I am excited to share with you today that starting Monday I will be joining the Big Data team at Intel. Yes, Intel. While not traditionally known for its software offerings, Intel has recently entered the Big Data space by introducing their own, 100% open source Hadoop distribution with unique security and monitoring features.

As illustrated by their Github repository, Intel has already done a lot of work with Apache Hadoop. The particular repos worth mentioning are their work on HBase’s security in Project Rhino as well as their work on advanced SQL support in Hive and performance enhancements for HBase in Project Panthera. In addition to these projects, Intel has also established Benchmarking Suite and Performance Analyzer projects which aim to standardize measurements around real-life Hadoop workloads.

As a solution architect, I will work on a team dedicated to designing the next-generation data analytics platform by leveraging the full breadth of Intel’s infrastructure experience with compute (Xeon processor), storage (Intel SSD), and networking (Intel 10GbE), as well as its cryptographic and compression technologies (AES-NI, SSE).

So why Intel?

If you have read my blog over the last couple of years, you will know how passionate I am about data. I believe Apache Hadoop specifically represents a very unique opportunity for the enterprise as it challenges many preconceived notions about analytics, both from the scale as well as cost perspective.
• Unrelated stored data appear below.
lemma omega_mono:
  assumes "finite S" "T \<subseteq> S"
  shows "omega E T \<le> omega E S"
proof -
  obtain C where "C \<subseteq> T" "is_clique E C" "card C = omega E T"
    using ex_clique_card_omega[of T E] assms finite_subset by blast
  then show ?thesis
    using card_clique_le_omega[of S C E] assms by auto
qed

lemma card_indep_le_alpha:
  "finite S \<Longrightarrow> I \<subseteq> S \<Longrightarrow> is_indep E I \<Longrightarrow> card I \<le> alpha E S"
  unfolding alpha_def by (rule Max_ge) (auto simp: finite_card_subsets)

lemma ex_indep_card_alpha:
  assumes "finite S"
  obtains I where "I \<subseteq> S" "is_indep E I" "card I = alpha E S"
proof -
  have "{} \<subseteq> S \<and> is_indep E {}"
    by (simp add: is_indep_def)
  then have "{card I | I. I \<subseteq> S \<and> is_indep E I} \<noteq> {}"
    by blast
  then have "alpha E S \<in> {card I | I. I \<subseteq> S \<and> is_indep E I}"
    unfolding alpha_def using assms by (intro Max_in finite_card_subsets)
  then show ?thesis using that by auto
qed

lemma alpha_Un_le:
  assumes "finite S" "finite T"
  shows "alpha E (S \<union> T) \<le> alpha E S + alpha E T"
proof -
  obtain I where I: "I \<subseteq> S \<union> T" "is_indep E I" "card I = alpha E (S \<union> T)"
    using ex_indep_card_alpha[of "S \<union> T" E] assms by blast
  have "I = (I \<inter> S) \<union> (I \<inter> T)"
    using I(1) by blast
  then have "card I \<le> card (I \<inter> S) + card (I \<inter> T)"
    by (metis card_Un_le)
  moreover have "card (I \<inter> S) \<le> alpha E S" "card (I \<inter> T) \<le> alpha E T"
    using I(2) assms by (simp_all add: card_indep_le_alpha is_indep_def)
  ultimately show ?thesis using I(3) by linarith
qed

lemma degree_le_max_degree: "finite S \<Longrightarrow> v \<in> S \<Longrightarrow> degree E S v \<le> max_degree E S"
  unfolding max_degree_def by (rule Max_ge) auto

lemma ex_degree_eq_max_degree:
  assumes "finite S" "S \<noteq> {}"
  obtains v where "v \<in> S" "degree E S v = max_degree E S"
proof -
  have "max_degree E S = Max (degree E S ` S)"
    using assms by (simp add: max_degree_def Max_insert)
  then have "max_degree E S \<in> degree E S ` S"
    using assms by simp
  then show ?thesis using that by (metis imageE)
qed

lemma card_le_degree_compl_degree:
  assumes "finite S" "v \<in> S"
  shows "card S \<le> 1 + degree E S v + card {w \<in> S. compl_adj E v w}"
proof -
  have "S \<subseteq> insert v ({w \<in> S. E v w} \<union> {w \<in> S. compl_adj E v w})"
    unfolding compl_adj_def by blast
  then have "card S \<le> card (insert v ({w \<in> S. E v w} \<union> {w \<in> S. compl_adj E v w}))"
    using assms(1) by (intro card_mono) auto
  also have "\<dots> \<le> 1 + card ({w \<in> S. E v w} \<union> {w \<in> S. compl_adj E v w})"
    using card_insert_le_m1 assms(1) by (simp add: card_insert_if)
  also have "\<dots> \<le> 1 + degree E S v + card {w \<in> S. compl_adj E v w}"
    unfolding degree_def using card_Un_le by simp
  finally show ?thesis .
qed

lemma max_degree_join_le:
  assumes "finite S" "A \<union> B \<subseteq> S" "A \<inter> B = {}" "A \<noteq> {}" "\<forall>a\<in>A. \<forall>b\<in>B. E a b"
  shows "max_degree E A + card B \<le> max_degree E S"
proof -
  have "finite A" "finite B"
    using assms(1,2) finite_subset by auto
  obtain v where v: "v \<in> A" "degree E A v = max_degree E A"
    using ex_degree_eq_max_degree[OF \<open>finite A\<close> assms(4)] .
  have "max_degree E A + card B = card ({u\<in>A. E v u} \<union> B)"
    using v \<open>finite A\<close> \<open>finite B\<close> assms(3) unfolding degree_def
    by (subst card_Un_disjoint) auto
  also have "\<dots> \<le> degree E S v"
    unfolding degree_def using v(1) assms by (intro card_mono) auto
  also have "\<dots> \<le> max_degree E S"
    using v(1) assms(1,2) by (intro degree_le_max_degree) auto
  finally show ?thesis .
qed

lemma alpha_join_le:
  assumes "finite A" "finite B" "\<forall>a\<in>A. \<forall>b\<in>B. E a b"
  shows "alpha E (A \<union> B) \<le> max (alpha E A) (alpha E B)"
proof -
  obtain I where I: "I \<subseteq> A \<union> B" "is_indep E I" "card I = alpha E (A \<union> B)"
    using ex_indep_card_alpha[of "A \<union> B" E] assms by blast
  have "I \<subseteq> A \<or> I \<subseteq> B"
    using I(1,2) assms(3) unfolding is_indep_def by blast
  then show ?thesis
    using I assms(1,2) card_indep_le_alpha[of A I E] card_indep_le_alpha[of B I E] by force
qed

lemma connected_in_refl: "x \<in> S \<Longrightarrow> connected_in R S x x"
  unfolding connected_in_def by (rule exI[of _ "[x]"]) simp

lemma connected_in_snoc:
  assumes "connected_in R S x z" "z' \<in> S" "R z z'"
  shows "connected_in R S x z'"
proof -
  obtain p where p: "p \<noteq> []" "hd p = x" "last p = z" "set p \<subseteq> S"
    "\<forall>i < length p - 1. R (p ! i) (p ! Suc i)"
    using assms(1) unfolding connected_in_def by blast
  have "\<forall>i < length (p @ [z']) - 1. R ((p @ [z']) ! i) ((p @ [z']) ! Suc i)"
  proof (intro allI impI)
    fix i assume "i < length (p @ [z']) - 1"
    then consider "i < length p - 1" | "i = length p - 1"
      by fastforce
    then show "R ((p @ [z']) ! i) ((p @ [z']) ! Suc i)"
    proof cases
      case 1
      then have "Suc i < length p"
        by simp
      then show ?thesis using 1 p(5) by (simp add: nth_append)
    next
      case 2
      then show ?thesis using p(1,3) assms(3) by (simp add: nth_append last_conv_nth)
    qed
  qed
  then show ?thesis
    unfolding connected_in_def using p assms(2) by (intro exI[of _ "p @ [z']"]) auto
qed

lemma compl_cutset_join:
  assumes "compl_cutset V E K"
  obtains A B where "A \<noteq> {}" "B \<noteq> {}" "A \<inter> B = {}" "A \<union> B = V - K"
    "\<forall>a\<in>A. \<forall>b\<in>B. E a b"
proof -
  obtain x y where xy: "x \<in> V - K" "y \<in> V - K" "\<not> connected_in (compl_adj E) (V - K) x y"
    using assms unfolding compl_cutset_def disconnected_in_def by blast
  define A where "A = {z \<in> V - K. connected_in (compl_adj E) (V - K) x z}"
  have "x \<in> A" "y \<notin> A"
    unfolding A_def using xy connected_in_refl[OF xy(1)] by auto
  moreover have "E a b" if "a \<in> A" "b \<in> (V - K) - A" for a b
  proof (rule ccontr)
    assume "\<not> E a b"
    moreover have "a \<noteq> b"
      using that by blast
    ultimately have "compl_adj E a b"
      unfolding compl_adj_def by blast
    then have "b \<in> A"
      using that connected_in_snoc[of "compl_adj E" "V - K" x a b] unfolding A_def by blast
    then show False
      using that(2) by blast
  qed
  ultimately show ?thesis
    using that[of A "(V - K) - A"] xy(2) unfolding A_def by blast
qed

definition is_compl_matching :: "('a \<Rightarrow> 'a \<Rightarrow> bool) \<Rightarrow> 'a set \<Rightarrow> 'a set set \<Rightarrow> bool" where
  "is_compl_matching E S M \<longleftrightarrow>
     (\<forall>e\<in>M. \<exists>x\<in>S. \<exists>y\<in>S. compl_adj E x y \<and> e = {x, y}) \<and> pairwise disjnt M"

definition is_max_compl_matching :: "('a \<Rightarrow> 'a \<Rightarrow> bool) \<Rightarrow> 'a set \<Rightarrow> 'a set set \<Rightarrow> bool" where
  "is_max_compl_matching E S M \<longleftrightarrow>
     is_compl_matching E S M \<and> (\<forall>M'. is_compl_matching E S M' \<longrightarrow> card M' \<le> card M)"

lemma is_compl_matching_empty [simp]: "is_compl_matching E S {}"
  by (simp add: is_compl_matching_def)

lemma compl_matching_subset_Pow: "is_compl_matching E S M \<Longrightarrow> M \<subseteq> Pow S"
  unfolding is_compl_matching_def by fastforce

lemma finite_compl_matching:
  assumes "finite S" "is_compl_matching E S M"
  shows "finite M"
  using finite_subset[OF compl_matching_subset_Pow[OF assms(2)]] assms(1) by simp

lemma ex_max_compl_matching:
  assumes "finite S"
  obtains M where "is_max_compl_matching E S M"
proof -
  have "card M < Suc (card (Pow S))" if "is_compl_matching E S M" for M
    using card_mono[OF _ compl_matching_subset_Pow[OF that]] assms by simp
  moreover have "is_compl_matching E S {}"
    by simp
  ultimately obtain M where "is_compl_matching E S M"
    "\<forall>M'. is_compl_matching E S M' \<longrightarrow> card M' \<le> card M"
    using ex_has_greatest_nat[of "is_compl_matching E S" "{}" card "Suc (card (Pow S))"] by blast
  then show ?thesis
    using that unfolding is_max_compl_matching_def by blast
qed

lemma is_compl_matching_subset: "is_compl_matching E S M \<Longrightarrow> M' \<subseteq> M \<Longrightarrow> is_compl_matching E S M'"
  unfolding is_compl_matching_def using pairwise_subset by blast

lemma is_compl_matching_Un:
  assumes "is_compl_matching E S M" "is_compl_matching E S M'"
    and disj: "\<forall>e\<in>M. \<forall>e'\<in>M'. disjnt e e'"
  shows "is_compl_matching E S (M \<union> M')"
proof -
  have pw: "pairwise disjnt M" "pairwise disjnt M'"
    using assms(1,2) unfolding is_compl_matching_def by auto
  have "pairwise disjnt (M \<union> M')"
    unfolding pairwise_def
  proof (intro ballI impI)
    fix e e' assume e: "e \<in> M \<union> M'" and e': "e' \<in> M \<union> M'" and "e \<noteq> e'"
    consider "e \<in> M" "e' \<in> M" | "e \<in> M" "e' \<in> M'" | "e \<in> M'" "e' \<in> M" | "e \<in> M'" "e' \<in> M'"
      using e e' by blast
    then show "disjnt e e'"
    proof cases
      case 1
      then show ?thesis using pairwiseD[OF pw(1)] \<open>e \<noteq> e'\<close> by blast
    next
      case 2
      then show ?thesis using disj by blast
    next
      case 3
      then show ?thesis using disj disjnt_sym by blast
    next
      case 4
      then show ?thesis using pairwiseD[OF pw(2)] \<open>e \<noteq> e'\<close> by blast
    qed
  qed
  then show ?thesis
    using assms(1,2) unfolding is_compl_matching_def by blast
qed

lemma max_compl_matching_exchange:
  assumes "finite S" "is_max_compl_matching E S M" "X \<subseteq> M" "is_compl_matching E S Y"
    and alternating: "\<Union>Y \<subseteq> (S - \<Union>M) \<union> \<Union>X"
  shows "card Y \<le> card X"
proof -
  have M: "is_compl_matching E S M"
    and max: "\<And>M'. is_compl_matching E S M' \<Longrightarrow> card M' \<le> card M"
    using assms(2) unfolding is_max_compl_matching_def by auto
  have fin: "finite M" "finite Y"
    using finite_compl_matching assms(1,4) M by auto
  have disj: "\<forall>e\<in>M - X. \<forall>e'\<in>Y. disjnt e e'"
  proof (intro ballI)
    fix e e' assume "e \<in> M - X" "e' \<in> Y"
    have "disjnt e x" if "x \<in> X" for x
      using pairwiseD[of disjnt M] M that \<open>e \<in> M - X\<close> assms(3)
      unfolding is_compl_matching_def by blast
    then show "disjnt e e'"
      using \<open>e \<in> M - X\<close> \<open>e' \<in> Y\<close> alternating unfolding disjnt_def by blast
  qed
  have "e \<noteq> {}" if "e \<in> Y" for e
    using assms(4) that unfolding is_compl_matching_def by blast
  then have "(M - X) \<inter> Y = {}"
    using disj unfolding disjnt_def by blast
  have "is_compl_matching E S ((M - X) \<union> Y)"
    using is_compl_matching_Un[OF is_compl_matching_subset[OF M] assms(4) disj] by blast
  then have "card ((M - X) \<union> Y) \<le> card M"
    by (rule max)
  moreover have "card ((M - X) \<union> Y) = card M - card X + card Y"
    using fin assms(3) \<open>(M - X) \<inter> Y = {}\<close>
    by (simp add: card_Un_disjoint card_Diff_subset finite_subset)
  moreover have "card X \<le> card M"
    using fin(1) assms(3) by (rule card_mono)
  ultimately show ?thesis
    by linarith
qed

locale graph_adj =
  fixes E :: "'a \<Rightarrow> 'a \<Rightarrow> bool"
  assumes sym: "E x y \<Longrightarrow> E y x"
    and irrefl: "\<not> E x x"
begin

lemma compl_adj_sym: "compl_adj E x y \<Longrightarrow> compl_adj E y x"
  unfolding compl_adj_def using sym by blast

lemma ex_proper_colouring_chi:
  assumes "finite S"
  obtains f where "proper_colouring E S (chi E S) f"
proof -
  obtain g where g: "bij_betw g S {0..<card S}"
    using ex_bij_betw_finite_nat[OF assms] by blast
  have colouring: "proper_colouring E S (card S) g"
    unfolding proper_colouring_def
  proof (intro conjI ballI impI)
    show "g x < card S" if "x \<in> S" for x
      using bij_betw_apply[OF g that] by simp
    show "g x \<noteq> g y" if "x \<in> S" "y \<in> S" "E x y" for x y
      using inj_onD[OF bij_betw_imp_inj_on[OF g] _ that(1,2)] that(3) irrefl by metis
  qed
  have "\<exists>f. proper_colouring E S (chi E S) f"
    unfolding chi_def by (rule LeastI_ex) (use colouring in blast)
  then show ?thesis
    using that by blast
qed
My vision for Hadoop is for it to become a truly viable data platform: open, easy and performant.

A platform upon which the community can innovate and solve real complex problems. I joined Intel because it provides me the means to execute on this very vision. After all, Intel’s Hadoop distribution is the only open source platform backed by a Fortune 100 company.

About a year and a half ago, I wrote about Big Data Opportunities, focusing primarily on Leveraging Unused Data, Driving New Value From Summary Data and Harnessing Heterogeneous Data Sensors (more recently known as Internet of Things).

Since that post, data space has exploded with numerous solutions addressing many of these areas. These solutions while mostly based on batch operations and limited to serial MapReduce jobs against frequently off-line, inadequately secured, Hadoop cluster, they do allow access to previously inaccessible data.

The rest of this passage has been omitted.